PROBLEM TO SOLVE.
Return all lines in the data where the string "also" can be found.

(Saved entries)
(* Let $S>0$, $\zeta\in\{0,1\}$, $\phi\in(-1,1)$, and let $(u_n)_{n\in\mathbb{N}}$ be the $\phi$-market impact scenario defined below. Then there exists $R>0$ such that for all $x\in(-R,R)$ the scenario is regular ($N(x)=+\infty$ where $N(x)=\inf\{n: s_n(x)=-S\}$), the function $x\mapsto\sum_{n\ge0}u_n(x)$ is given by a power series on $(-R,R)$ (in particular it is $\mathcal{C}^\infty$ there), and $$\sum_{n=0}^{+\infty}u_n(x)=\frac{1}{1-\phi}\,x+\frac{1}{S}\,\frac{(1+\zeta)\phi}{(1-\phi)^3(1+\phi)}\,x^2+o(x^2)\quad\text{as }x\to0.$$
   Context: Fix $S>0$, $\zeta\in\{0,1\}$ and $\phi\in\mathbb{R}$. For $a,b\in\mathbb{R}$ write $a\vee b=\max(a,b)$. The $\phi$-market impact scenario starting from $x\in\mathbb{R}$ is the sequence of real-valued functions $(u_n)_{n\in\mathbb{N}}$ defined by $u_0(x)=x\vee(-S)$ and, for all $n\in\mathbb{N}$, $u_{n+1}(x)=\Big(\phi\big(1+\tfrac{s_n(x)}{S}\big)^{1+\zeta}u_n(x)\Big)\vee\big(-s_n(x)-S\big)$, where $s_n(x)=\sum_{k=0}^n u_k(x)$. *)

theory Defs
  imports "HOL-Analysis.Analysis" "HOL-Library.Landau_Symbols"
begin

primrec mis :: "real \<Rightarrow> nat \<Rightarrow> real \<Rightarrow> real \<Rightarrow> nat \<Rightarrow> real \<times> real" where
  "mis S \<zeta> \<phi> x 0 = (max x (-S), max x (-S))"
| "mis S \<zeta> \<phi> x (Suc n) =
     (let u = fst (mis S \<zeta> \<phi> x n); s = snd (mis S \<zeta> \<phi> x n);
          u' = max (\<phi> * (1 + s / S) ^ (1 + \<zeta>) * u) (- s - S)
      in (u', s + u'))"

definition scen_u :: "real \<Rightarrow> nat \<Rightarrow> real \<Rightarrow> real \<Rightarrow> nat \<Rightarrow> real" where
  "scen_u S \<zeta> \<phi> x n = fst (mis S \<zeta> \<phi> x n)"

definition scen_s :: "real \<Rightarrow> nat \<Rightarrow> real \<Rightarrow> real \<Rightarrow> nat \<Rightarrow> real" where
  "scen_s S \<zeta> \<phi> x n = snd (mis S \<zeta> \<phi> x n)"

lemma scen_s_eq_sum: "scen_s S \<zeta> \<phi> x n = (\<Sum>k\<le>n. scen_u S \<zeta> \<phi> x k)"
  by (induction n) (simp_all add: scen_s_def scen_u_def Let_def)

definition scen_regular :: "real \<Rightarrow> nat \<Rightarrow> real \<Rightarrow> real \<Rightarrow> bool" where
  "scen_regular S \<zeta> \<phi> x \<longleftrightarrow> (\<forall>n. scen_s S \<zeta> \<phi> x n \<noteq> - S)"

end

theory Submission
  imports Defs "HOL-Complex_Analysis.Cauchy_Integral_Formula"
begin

--

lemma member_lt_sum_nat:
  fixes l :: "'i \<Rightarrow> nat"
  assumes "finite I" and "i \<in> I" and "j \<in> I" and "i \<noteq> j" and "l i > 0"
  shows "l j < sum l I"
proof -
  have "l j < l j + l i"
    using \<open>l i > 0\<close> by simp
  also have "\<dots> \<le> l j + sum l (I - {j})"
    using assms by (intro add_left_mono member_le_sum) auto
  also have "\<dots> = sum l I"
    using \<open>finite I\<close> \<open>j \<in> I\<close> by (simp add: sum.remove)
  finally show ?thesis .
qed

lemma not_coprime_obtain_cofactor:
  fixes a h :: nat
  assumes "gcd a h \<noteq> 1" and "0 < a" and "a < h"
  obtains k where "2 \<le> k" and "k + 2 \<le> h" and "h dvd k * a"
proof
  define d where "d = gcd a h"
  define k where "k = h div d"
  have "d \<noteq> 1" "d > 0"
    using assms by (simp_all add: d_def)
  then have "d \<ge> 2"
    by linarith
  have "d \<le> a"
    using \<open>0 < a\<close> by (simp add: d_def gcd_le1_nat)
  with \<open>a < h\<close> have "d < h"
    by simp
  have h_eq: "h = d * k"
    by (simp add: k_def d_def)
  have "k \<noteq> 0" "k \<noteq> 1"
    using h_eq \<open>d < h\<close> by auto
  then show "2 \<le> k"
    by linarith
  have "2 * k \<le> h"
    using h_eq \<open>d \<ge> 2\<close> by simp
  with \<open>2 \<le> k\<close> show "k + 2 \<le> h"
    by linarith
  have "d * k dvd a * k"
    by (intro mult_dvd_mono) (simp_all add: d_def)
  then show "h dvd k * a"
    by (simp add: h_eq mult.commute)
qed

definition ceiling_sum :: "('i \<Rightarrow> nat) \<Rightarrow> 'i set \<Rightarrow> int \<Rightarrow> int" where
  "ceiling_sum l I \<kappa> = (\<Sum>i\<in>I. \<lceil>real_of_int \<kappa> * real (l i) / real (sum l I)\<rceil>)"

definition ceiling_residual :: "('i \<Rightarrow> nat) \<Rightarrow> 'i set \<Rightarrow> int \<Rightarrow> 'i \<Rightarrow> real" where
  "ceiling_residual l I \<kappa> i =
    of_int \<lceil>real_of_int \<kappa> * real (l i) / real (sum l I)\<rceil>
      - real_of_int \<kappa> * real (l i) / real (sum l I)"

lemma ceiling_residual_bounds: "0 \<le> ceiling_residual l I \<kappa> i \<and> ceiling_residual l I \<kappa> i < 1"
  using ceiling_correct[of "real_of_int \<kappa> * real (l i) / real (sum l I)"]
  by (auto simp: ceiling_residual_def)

ANSWER SPACE.
  also have "\<dots> \<le> l j + sum l (I - {j})"
  also have "\<dots> = sum l I"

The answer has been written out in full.